Hansen: Humanitarian artists give back
It’s no secret that many artists suffer.
Chances are high that they struggle with some form of mental illness. They may have overcome addiction, abuse or neglect, according to several studies.
Despite it all, they persevere through their work. There simply is no other way.
So it probably should come as no surprise that artists at the Laguna Gallery of Contemporary Art are giving back to the issues and programs that are important to them.
After transferring ownership about six months ago to Michael Roy, the gallery at 611 South Coast Hwy. now exclusively features humanitarian artists.
From autism to sex trafficking prevention, the proceeds benefit charitable groups from around the world.
Spearheaded by art director, artist and Laguna Beach resident Christiana Lewis, the gallery’s mission is an outgrowth of Lewis’ own beliefs and practices. A devout Christian, Lewis has been donating her time and money to support and teach children in small villages in India, Laos, Mexico and low-income cities in the U.S.
“Traveling around the world almost my entire life, I’ve studied Buddhism and Hinduism and Judaism and pretty much almost every religion there is and found that love is the key,” Lewis said. “I think God gives us all a gift. I do know that a lot of artists are very emotional. I think if you’re a truly deep-feeling emotional artist, then you’re probably going to have a pretty strong spiritual side as well.”
Lewis started her introspection early in life. Orphaned at a young age, she remembers the feelings of uncertainty and loss. Her paintings now reflect these emotions with a fluid abstraction and desire for connection.

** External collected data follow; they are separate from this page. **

lemma ex_in_orbit_not_in_orbit:
  assumes P: "subgroup P G" and H: "subgroup H G" and PH: "P \<subset> H" and eq: "P \<inter> N = H \<inter> N"
    and i: "i < m"
  shows "\<exists>j. in_orbit H i j \<and> \<not> in_orbit P i j"
proof (rule ccontr)
  assume "\<nexists>j. in_orbit H i j \<and> \<not> in_orbit P i j"
  then have all: "\<exists>p\<in>P. \<sigma> p i = \<sigma> h i" if "h \<in> H" for h
    using that unfolding in_orbit_def by blast
  have "h \<in> P" if h: "h \<in> H" for h
  proof -
    obtain p where p: "p \<in> P" "\<sigma> p i = \<sigma> h i" using all[OF h] ..
    have hc: "h \<in> carrier G" and pc: "p \<in> carrier G" and ip: "inv p \<in> H"
      using h p PH subgroup.subset[OF H] subgroup.m_inv_closed[OF H, of p] by auto
    have "\<sigma> (h \<otimes> inv p) i = i"
      using \<sigma>_mult[OF hc inv_closed[OF pc] i] p(2) \<sigma>_inv[OF pc i] by simp
    then have "h \<otimes> inv p \<in> H \<inter> N"
      using \<sigma>_eq_self_iff[OF m_closed[OF hc inv_closed[OF pc]] i] subgroup.m_closed[OF H h ip] by simp
    then have "h \<otimes> inv p \<otimes> p \<in> P" using eq subgroup.m_closed[OF P _ p(1)] by blast
    then show "h \<in> P" using hc pc by (simp add: m_assoc)
  qed
  then show False using PH by blast
qed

“We paint about our lives. So I paint about what I’ve gone through,” she said. “I’ve gone through so much in my life. Being adopted and orphaned at 4, that’s pretty traumatic. I’ve been through hell and back.

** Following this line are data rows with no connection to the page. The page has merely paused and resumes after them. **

inductive exec_it :: "('v, 'c) scfam \<Rightarrow> ('v, 'c) item \<Rightarrow> 'v asg \<Rightarrow> 'v asg \<Rightarrow> bool"
  and exec_pr :: "('v, 'c) scfam \<Rightarrow> ('v, 'c) prog \<Rightarrow> 'v asg \<Rightarrow> 'v asg \<Rightarrow> bool"
  for S :: "('v, 'c) scfam" where
  "exec_it S (Subst \<sigma>) I (comp_asg I \<sigma>)"
| "ssat S I T \<Longrightarrow> exec_it S (Test T) I I"
| "exec_pr S e1 I J \<Longrightarrow> exec_it S (Choice e1 e2) I J"
| "exec_pr S e2 I J \<Longrightarrow> exec_it S (Choice e1 e2) I J"
| "ssat S I T \<Longrightarrow> exec_pr S e1 I J \<Longrightarrow> exec_it S (Ite T e1 e0) I J"
| "\<not> ssat S I T \<Longrightarrow> exec_pr S e0 I J \<Longrightarrow> exec_it S (Ite T e1 e0) I J"
| "exec_pr S [] I I"
| "exec_it S a I K \<Longrightarrow> exec_pr S p K J \<Longrightarrow> exec_pr S (a # p) I J"

text \<open>A dynamic constraint eps.C is the pair (eps, C); static T is identified with ([], T).\<close>
type_synonym ('v, 'c) dcon = "('v, 'c) prog \<times> 'c"

fun dsat :: "('v, 'c) scfam \<Rightarrow> 'v asg \<Rightarrow> ('v, 'c) dcon \<Rightarrow> bool" where
  "dsat S I (e, C) \<longleftrightarrow> (\<forall>J. exec_pr S e I J \<longrightarrow> ssat S J C)"

definition entails :: "('v, 'c) scfam \<Rightarrow> ('v, 'c) dcon set \<Rightarrow> ('v, 'c) dcon \<Rightarrow> bool" where
  "entails S \<Gamma> \<Phi> \<longleftrightarrow> (\<forall>I. (\<forall>\<Psi>\<in>\<Gamma>. dsat S I \<Psi>) \<longrightarrow> dsat S I \<Phi>)"

definition pre :: "('v, 'c) prog \<Rightarrow> ('v, 'c) dcon set \<Rightarrow> ('v, 'c) dcon set" where
  "pre d \<Delta> = (\<lambda>(e, C). (d @ e, C)) ` \<Delta>"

“I never wanted children to feel the way I did. I always wanted to make these kids feel love and feel good.”
Two years ago, Lewis went to India for three months, rented a small studio and simply opened her doors to the village children. At first, only a few came, then more and soon she was teaching about 30 children how to paint — every day.
“I was teaching some kids who had no idea they had talents. They were so shy and insecure. And after staying there for three months, they turned out to be the most talented artists.”
Lewis hopes that the impact to the children is not short-lived. She remembers that in her own life, three months could feel like a lifetime.
“I do remember some of the impacts that my foster parents had. I never look back and say, ‘Oh wow, I was abandoned and neglected by them. How come they didn’t keep me?’ I think to myself, I was so lucky that they kept me for the time they did, and I got so much love in that moment. And that gave me hope for who I am now.”
The other humanitarian artists at the gallery have their own stories of passion and empathy.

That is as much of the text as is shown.